In order for images produced from seismic data to correspond accurately to the spatial distribution of subsurface structures and compositional changes in the Earth's subsurface, techniques known generally as “time migration” and “depth migration” are performed on the seismic data. Migration is a process by which reflection events in seismic data are made to correspond to their true spatial position. Time migration positions the reflective events in time and does not correct for all effects of lateral velocity gradients. Depth migration attempts to place reflective events at their true depth positions within the Earth's subsurface.
There are generally two classes of time migration techniques. One type of time migration is known as prestack time migration and disclosed, for example, in, Sun, C., Martinez, R., Amplitude preserving 3D pre-stack Kirchhoff time migration for V(z) and VTI media, 72nd Annual International Meeting, Society of Exploration Geophysicists, Expanded Abstracts, pp. 1224–1227 (2002). Pre-stack migration is performed on individual seismic data recordings (“traces”) and can be computationally expensive.
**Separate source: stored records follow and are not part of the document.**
(* Let $\overrightarrow{U}(t)$ be a closed unit timelike dual curve in the 3-dimensional dual Lorentzian space with dual Frenet frame $\{\overrightarrow{U_1},\overrightarrow{U_2},\overrightarrow{U_3}\}$, dual curvature $\kappa$ and dual torsion $\tau$, let $\Phi=\varphi+\varepsilon\varphi^*$ be a constant dual number, let $(V_1)$ be the parallel ruled surface of $(U_1)$, corresponding to $\overrightarrow{V_1}=\cosh\Phi\,\overrightarrow{U_1}+\sinh\Phi\,\overrightarrow{U_3}$, and let $(V_3)$ be the closed ruled surface corresponding to $\overrightarrow{V_3}=-\sinh\Phi\,\overrightarrow{U_1}-\cosh\Phi\,\overrightarrow{U_3}$. With $P=p+\varepsilon p^*=\kappa\cosh\Phi+\tau\sinh\Phi$ and $Q=q+\varepsilon q^*=-\kappa\sinh\Phi-\tau\cosh\Phi$, the pitch, the dual angle of pitch and the drall of $(V_3)$ are $$L_{V_3}=\oint p^*\,dt,\qquad \Lambda_{V_3}=-\oint P\,dt,\qquad P_{V_3}=\frac{q^*}{q}.$$
   Context: Dual numbers are $\lambda+\varepsilon\lambda^*$ with $\lambda,\lambda^*\in\mathbb{R}$ and $\varepsilon^2=0$; dual vectors are $\overrightarrow{A}=\overrightarrow{a}+\varepsilon\overrightarrow{a}^*$ with $\overrightarrow{a},\overrightarrow{a}^*\in\mathbb{R}^3$. The Lorentzian inner product on $\mathbb{R}^3$ is $\langle a,b\rangle=-a_1b_1+a_2b_2+a_3b_3$, extended to dual vectors by $\langle \overrightarrow{A},\overrightarrow{B}\rangle=\langle\overrightarrow{a},\overrightarrow{b}\rangle+\varepsilon(\langle\overrightarrow{a},\overrightarrow{b}^*\rangle+\langle\overrightarrow{a}^*,\overrightarrow{b}\rangle)$. For a dual number $\Phi=\varphi+\varepsilon\varphi^*$: $\sinh\Phi=\sinh\varphi+\varepsilon\varphi^*\cosh\varphi$, $\cosh\Phi=\cosh\varphi+\varepsilon\varphi^*\sinh\varphi$. The closed unit timelike dual curve $\overrightarrow{U}(t)$ (integrals $\oint$ over one closed period of $t$) has Frenet frame $\overrightarrow{U_1}=\overrightarrow{U}$ (timelike), $\overrightarrow{U_2},\overrightarrow{U_3}$ (spacelike), mutually orthogonal unit dual vectors, satisfying $\overrightarrow{U_1}'=\kappa\overrightarrow{U_2}$, $\overrightarrow{U_2}'=\kappa\overrightarrow{U_1}-\tau\overrightarrow{U_3}$, $\overrightarrow{U_3}'=\tau\overrightarrow{U_2}$. Set $\overrightarrow{V_2}=\overrightarrow{U_2}$; then $\overrightarrow{V_1}'=P\overrightarrow{V_2}$, $\overrightarrow{V_2}'=P\overrightarrow{V_1}-Q\overrightarrow{V_3}$, $\overrightarrow{V_3}'=Q\overrightarrow{V_2}$. Write $\overrightarrow{V_i}=\overrightarrow{v_i}+\varepsilon\overrightarrow{v_i}^*$. The dual Steiner vector is taken (frame vectors written outside the integrals) as $\overrightarrow{D}=\overrightarrow{d}+\varepsilon\overrightarrow{d}^*=\overrightarrow{U_1}\oint\tau\,dt-\overrightarrow{U_3}\oint\kappa\,dt=-\overrightarrow{V_1}\oint Q\,dt+\overrightarrow{V_3}\oint P\,dt$, so $\overrightarrow{d}=-\overrightarrow{v_1}\oint q\,dt+\overrightarrow{v_3}\oint p\,dt$, $\overrightarrow{d}^*=-\overrightarrow{v_1}\oint q^*dt-\overrightarrow{v_1}^*\oint q\,dt+\overrightarrow{v_3}\oint p^*dt+\overrightarrow{v_3}^*\oint p\,dt$. For the closed ruled surface corresponding to a unit dual curve $\overrightarrow{X}=\overrightarrow{x}+\varepsilon\overrightarrow{x}^*$: pitch $L_X=\langle\overrightarrow{d},\overrightarrow{x}^*\rangle+\langle\overrightarrow{d}^*,\overrightarrow{x}\rangle$, dual angle of pitch $\Lambda_X=-\langle\overrightarrow{D},\overrightarrow{X}\rangle$, drall $P_X=\langle d\overrightarrow{x},d\overrightarrow{x}^*\rangle/\langle d\overrightarrow{x},d\overrightarrow{x}\rangle$. *)

theory Defs
  imports "HOL-Analysis.Analysis"
begin

text \<open>Dual numbers  lambda + eps lambda*  are pairs (lambda, lambda*);
  dual vectors  a + eps a*  are pairs (a, a*) of vectors of R^3.\<close>

type_synonym dnum = "real \<times> real"
type_synonym dvec = "(real^3) \<times> (real^3)"

definition dadd :: "dnum \<Rightarrow> dnum \<Rightarrow> dnum" where
  "dadd x y = (fst x + fst y, snd x + snd y)"

definition dneg :: "dnum \<Rightarrow> dnum" where
  "dneg x = (- fst x, - snd x)"

definition dmul :: "dnum \<Rightarrow> dnum \<Rightarrow> dnum" where
  "dmul x y = (fst x * fst y, fst x * snd y + snd x * fst y)"

definition dsinh :: "dnum \<Rightarrow> dnum" where
  "dsinh x = (sinh (fst x), snd x * cosh (fst x))"

definition dcosh :: "dnum \<Rightarrow> dnum" where
  "dcosh x = (cosh (fst x), snd x * sinh (fst x))"

definition dvadd :: "dvec \<Rightarrow> dvec \<Rightarrow> dvec" where
  "dvadd A B = (fst A + fst B, snd A + snd B)"

definition dvneg :: "dvec \<Rightarrow> dvec" where
  "dvneg A = (- fst A, - snd A)"

definition dscale :: "dnum \<Rightarrow> dvec \<Rightarrow> dvec" where
  "dscale l A = (fst l *\<^sub>R fst A, fst l *\<^sub>R snd A + snd l *\<^sub>R fst A)"

definition linner :: "real^3 \<Rightarrow> real^3 \<Rightarrow> real" where
  "linner a b = - (a$1 * b$1) + a$2 * b$2 + a$3 * b$3"

definition dinner :: "dvec \<Rightarrow> dvec \<Rightarrow> dnum" where
  "dinner A B = (linner (fst A) (fst B),
                 linner (fst A) (snd B) + linner (snd A) (fst B))"

definition has_dvec_derivative :: "(real \<Rightarrow> dvec) \<Rightarrow> dvec \<Rightarrow> real \<Rightarrow> bool" where
  "has_dvec_derivative X X' t \<longleftrightarrow>
     ((\<lambda>s. fst (X s)) has_vector_derivative fst X') (at t) \<and>
     ((\<lambda>s. snd (X s)) has_vector_derivative snd X') (at t)"

text \<open>Closed integral over one period [0, T] of a dual-number valued function.\<close>
definition dint :: "real \<Rightarrow> (real \<Rightarrow> dnum) \<Rightarrow> dnum" where
  "dint T f = (integral {0..T} (\<lambda>s. fst (f s)), integral {0..T} (\<lambda>s. snd (f s)))"

text \<open>Dual Steiner vector at parameter t (frame vectors outside the integrals):
  D = U1 * oint tau - U3 * oint kappa.\<close>
definition steiner :: "real \<Rightarrow> (real \<Rightarrow> dnum) \<Rightarrow> (real \<Rightarrow> dnum)
    \<Rightarrow> (real \<Rightarrow> dvec) \<Rightarrow> (real \<Rightarrow> dvec) \<Rightarrow> real \<Rightarrow> dvec" where
  "steiner T \<kappa> \<tau> U1 U3 t =
     dvadd (dscale (dint T \<tau>) (U1 t)) (dvneg (dscale (dint T \<kappa>) (U3 t)))"

definition pitch :: "dvec \<Rightarrow> dvec \<Rightarrow> real" where
  "pitch D X = linner (fst D) (snd X) + linner (snd D) (fst X)"

definition angle_of_pitch :: "dvec \<Rightarrow> dvec \<Rightarrow> dnum" where
  "angle_of_pitch D X = dneg (dinner D X)"

definition drall :: "(real \<Rightarrow> dvec) \<Rightarrow> real \<Rightarrow> real" where
  "drall X t =
     (let dx = vector_derivative (\<lambda>s. fst (X s)) (at t);
          dxs = vector_derivative (\<lambda>s. snd (X s)) (at t)
      in linner dx dxs / linner dx dx)"

end

theory Submission
  imports Defs
begin

text \<open>The Steiner vector has the frame vectors outside the integrals, so at each parameter
  value it is a constant dual combination of \<open>U\<^sub>1\<close> and \<open>U\<^sub>3\<close>, while \<open>V\<^sub>3\<close> is another such
  combination. Since \<open>U\<^sub>1, U\<^sub>3\<close> form a timelike-spacelike orthonormal pair,
  \<open>\<langle>D, V\<^sub>3\<rangle> = \<oint>\<kappa> cosh \<Phi> + \<oint>\<tau> sinh \<Phi> = \<oint>P\<close>, which gives the dual angle of pitch and, as its
  dual part, the pitch. By the Frenet equations \<open>V\<^sub>3' = Q U\<^sub>2\<close>, and for a curve whose
  derivative is a dual multiple \<open>Q\<close> of a unit vector the drall is \<open>q\<^sup>*/q\<close>.\<close>

lemma linner_commute: "linner a b = linner b a"
  unfolding linner_def by (simp add: mult.commute)

lemma linner_add_left [simp]: "linner (x + y) z = linner x z + linner y z"
  and linner_add_right [simp]: "linner z (x + y) = linner z x + linner z y"
  and linner_scaleR_left [simp]: "linner (c *\<^sub>R x) z = c * linner x z"
  and linner_scaleR_right [simp]: "linner z (c *\<^sub>R x) = c * linner z x"
  unfolding linner_def by (simp_all add: algebra_simps)

lemma dinner_dvadd_left: "dinner (dvadd A B) C = dadd (dinner A C) (dinner B C)"
  and dinner_dvadd_right: "dinner C (dvadd A B) = dadd (dinner C A) (dinner C B)"
  and dinner_dscale_left: "dinner (dscale a A) B = dmul a (dinner A B)"
  and dinner_dscale_right: "dinner A (dscale a B) = dmul a (dinner A B)"
  unfolding dinner_def dvadd_def dadd_def dscale_def dmul_def by (simp_all add: algebra_simps)

lemma dvneg_dscale: "dvneg (dscale a A) = dscale (dneg a) A"
  unfolding dvneg_def dscale_def dneg_def by simp

lemma dinner_timelike_spacelike_combination:
  assumes "dinner E1 E1 = (-1, 0)" "dinner E3 E3 = (1, 0)" "dinner E1 E3 = (0, 0)"
  shows "dinner (dvadd (dscale a E1) (dscale b E3)) (dvadd (dscale c E1) (dscale d E3))
           = dadd (dneg (dmul a c)) (dmul b d)"
proof -
  have "dinner E3 E1 = (0, 0)"
    using assms(3) unfolding dinner_def by (simp add: linner_commute add.commute)
  then show ?thesis
    using assms
    by (simp add: dinner_dvadd_left dinner_dvadd_right dinner_dscale_left dinner_dscale_right)
       (simp add: dadd_def dmul_def dneg_def algebra_simps)
qed

lemma pitch_eq_snd_dinner: "pitch D X = snd (dinner D X)"
  unfolding pitch_def dinner_def by simp

lemma dint_dadd:
  assumes "(\<lambda>s. fst (f s)) integrable_on {0..T}" "(\<lambda>s. snd (f s)) integrable_on {0..T}"
    and "(\<lambda>s. fst (g s)) integrable_on {0..T}" "(\<lambda>s. snd (g s)) integrable_on {0..T}"
  shows "dint T (\<lambda>s. dadd (f s) (g s)) = dadd (dint T f) (dint T g)"
  using assms unfolding dint_def dadd_def by (simp add: integral_add)

lemma dint_dmul_right:
  assumes "(\<lambda>s. fst (f s)) integrable_on {0..T}" "(\<lambda>s. snd (f s)) integrable_on {0..T}"
  shows "dint T (\<lambda>s. dmul (f s) c) = dmul (dint T f) c"
  using assms unfolding dint_def dmul_def by (simp add: integral_add integrable_on_mult_left)

lemma has_dvec_derivative_dvadd:
  assumes "has_dvec_derivative X X' t" "has_dvec_derivative Y Y' t"
  shows "has_dvec_derivative (\<lambda>s. dvadd (X s) (Y s)) (dvadd X' Y') t"
  using assms unfolding has_dvec_derivative_def dvadd_def by (auto intro!: derivative_eq_intros)

lemma has_dvec_derivative_dscale:
  assumes "has_dvec_derivative X X' t"
  shows "has_dvec_derivative (\<lambda>s. dscale c (X s)) (dscale c X') t"
  using assms unfolding has_dvec_derivative_def dscale_def by (auto intro!: derivative_eq_intros)

text \<open>If \<open>c = 0\<close> both sides are \<open>0\<close>, by the conventions \<open>x / 0 = 0\<close>.\<close>
lemma drall_derivative_along_nonnull:
  assumes "has_dvec_derivative X (dscale c E) t" "dinner E E = (e, 0)" "e \<noteq> 0"
  shows "drall X t = snd c / fst c"
proof -
  have "linner (fst E) (fst E) = e" "linner (fst E) (snd E) = 0"
    using assms(2) unfolding dinner_def by (auto simp: linner_commute[of "snd E"])
  moreover have "vector_derivative (\<lambda>s. fst (X s)) (at t) = fst c *\<^sub>R fst E"
    "vector_derivative (\<lambda>s. snd (X s)) (at t) = fst c *\<^sub>R snd E + snd c *\<^sub>R fst E"
    using assms(1) unfolding has_dvec_derivative_def dscale_def
    by (simp_all add: vector_derivative_at)
  ultimately show ?thesis
    using assms(3) unfolding drall_def Let_def by (simp add: power2_eq_square field_simps)
qed

theorem theorem2p3:
  fixes U1 U2 U3 :: "real \<Rightarrow> dvec"
    and \<kappa> \<tau> :: "real \<Rightarrow> dnum"
    and \<Phi> :: dnum
    and T :: real
    and V1 V3 :: "real \<Rightarrow> dvec"
    and P Q :: "real \<Rightarrow> dnum"
    and D :: "real \<Rightarrow> dvec"
  assumes T_pos: "T > 0"
    and closed: "\<And>t. U1 (t + T) = U1 t" "\<And>t. U2 (t + T) = U2 t" "\<And>t. U3 (t + T) = U3 t"
                "\<And>t. \<kappa> (t + T) = \<kappa> t" "\<And>t. \<tau> (t + T) = \<tau> t"
    and cont: "continuous_on UNIV (\<lambda>t. fst (\<kappa> t))" "continuous_on UNIV (\<lambda>t. snd (\<kappa> t))"
              "continuous_on UNIV (\<lambda>t. fst (\<tau> t))" "continuous_on UNIV (\<lambda>t. snd (\<tau> t))"
    and frame: "\<And>t. dinner (U1 t) (U1 t) = (-1, 0)"
               "\<And>t. dinner (U2 t) (U2 t) = (1, 0)"
               "\<And>t. dinner (U3 t) (U3 t) = (1, 0)"
               "\<And>t. dinner (U1 t) (U2 t) = (0, 0)"
               "\<And>t. dinner (U1 t) (U3 t) = (0, 0)"
               "\<And>t. dinner (U2 t) (U3 t) = (0, 0)"
    and frenet: "\<And>t. has_dvec_derivative U1 (dscale (\<kappa> t) (U2 t)) t"
                "\<And>t. has_dvec_derivative U2
                       (dvadd (dscale (\<kappa> t) (U1 t)) (dvneg (dscale (\<tau> t) (U3 t)))) t"
                "\<And>t. has_dvec_derivative U3 (dscale (\<tau> t) (U2 t)) t"
    and V1_def: "V1 = (\<lambda>t. dvadd (dscale (dcosh \<Phi>) (U1 t)) (dscale (dsinh \<Phi>) (U3 t)))"
    and V3_def: "V3 = (\<lambda>t. dvadd (dscale (dneg (dsinh \<Phi>)) (U1 t)) (dscale (dneg (dcosh \<Phi>)) (U3 t)))"
    and P_def: "P = (\<lambda>t. dadd (dmul (\<kappa> t) (dcosh \<Phi>)) (dmul (\<tau> t) (dsinh \<Phi>)))"
    and Q_def: "Q = (\<lambda>t. dadd (dneg (dmul (\<kappa> t) (dsinh \<Phi>))) (dneg (dmul (\<tau> t) (dcosh \<Phi>))))"
    and D_def: "D = steiner T \<kappa> \<tau> U1 U3"
  shows "\<forall>t. pitch (D t) (V3 t) = integral {0..T} (\<lambda>s. snd (P s))
           \<and> angle_of_pitch (D t) (V3 t) = dneg (dint T P)
           \<and> drall V3 t = snd (Q t) / fst (Q t)"
proof (intro allI)
  fix t
  have integrable: "(\<lambda>s. fst (\<kappa> s)) integrable_on {0..T}" "(\<lambda>s. snd (\<kappa> s)) integrable_on {0..T}"
    "(\<lambda>s. fst (\<tau> s)) integrable_on {0..T}" "(\<lambda>s. snd (\<tau> s)) integrable_on {0..T}"
    using cont by (meson continuous_on_subset integrable_continuous_interval subset_UNIV)+
  have "dint T P = dadd (dmul (dint T \<kappa>) (dcosh \<Phi>)) (dmul (dint T \<tau>) (dsinh \<Phi>))"
    unfolding P_def using integrable
    by (simp add: dint_dadd dmul_def integrable_on_mult_left integrable_add
        dint_dmul_right[unfolded dmul_def])
  moreover have "dinner (D t) (V3 t)
      = dadd (dneg (dmul (dint T \<tau>) (dneg (dsinh \<Phi>)))) (dmul (dneg (dint T \<kappa>)) (dneg (dcosh \<Phi>)))"
    unfolding D_def steiner_def V3_def dvneg_dscale
    using frame(1,3,5) by (rule dinner_timelike_spacelike_combination)
  ultimately have inner_D_V3: "dinner (D t) (V3 t) = dint T P"
    by (simp add: dadd_def dmul_def dneg_def algebra_simps)
  have "has_dvec_derivative V3
      (dvadd (dscale (dneg (dsinh \<Phi>)) (dscale (\<kappa> t) (U2 t)))
             (dscale (dneg (dcosh \<Phi>)) (dscale (\<tau> t) (U2 t)))) t"
    unfolding V3_def by (intro has_dvec_derivative_dvadd has_dvec_derivative_dscale frenet)
  moreover have "dvadd (dscale (dneg (dsinh \<Phi>)) (dscale (\<kappa> t) (U2 t)))
      (dscale (dneg (dcosh \<Phi>)) (dscale (\<tau> t) (U2 t))) = dscale (Q t) (U2 t)"
    unfolding Q_def dvadd_def dscale_def dadd_def dmul_def dneg_def
    by (simp add: algebra_simps)
  ultimately have "has_dvec_derivative V3 (dscale (Q t) (U2 t)) t"
    by simp
  then have "drall V3 t = snd (Q t) / fst (Q t)"
    using frame(2) by (rule drall_derivative_along_nonnull) simp
  then show "pitch (D t) (V3 t) = integral {0..T} (\<lambda>s. snd (P s))
           \<and> angle_of_pitch (D t) (V3 t) = dneg (dint T P)
           \<and> drall V3 t = snd (Q t) / fst (Q t)"
    by (simp add: pitch_eq_snd_dinner angle_of_pitch_def inner_D_V3 dint_def)
qed

end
The other type of time migration is called post stack migration, which represents migration techniques that are performed on seismic data for which numbers of individual data recordings are summed (“stacked”) to improve signal to noise ratio. Prestack migration typically produces better images, although it is computationally more expensive than post-stack migration.
The prestack time migration method disclosed in the Sun et al. paper mentioned above is one of a type known as “amplitude preserving”, meaning that the amplitudes of events in the seismic data are substantially preserved during the migration procedure. Amplitude preserving migration provides, among other benefits, greater accuracy in processing techniques known as “amplitude versus offset” (AVO). A principal objective of amplitude preserving migration techniques is to make the reflection amplitudes proportional to the reflectivity at the various subsurface boundaries. Amplitude preserving migration is thus characterized by recovering amplitude loss in reflected seismic energy caused by geometric spreading of the seismic energy during propagation through the Earth, so that the amplitudes at least to some extent correspond to the reflectivity of the various subsurface boundaries.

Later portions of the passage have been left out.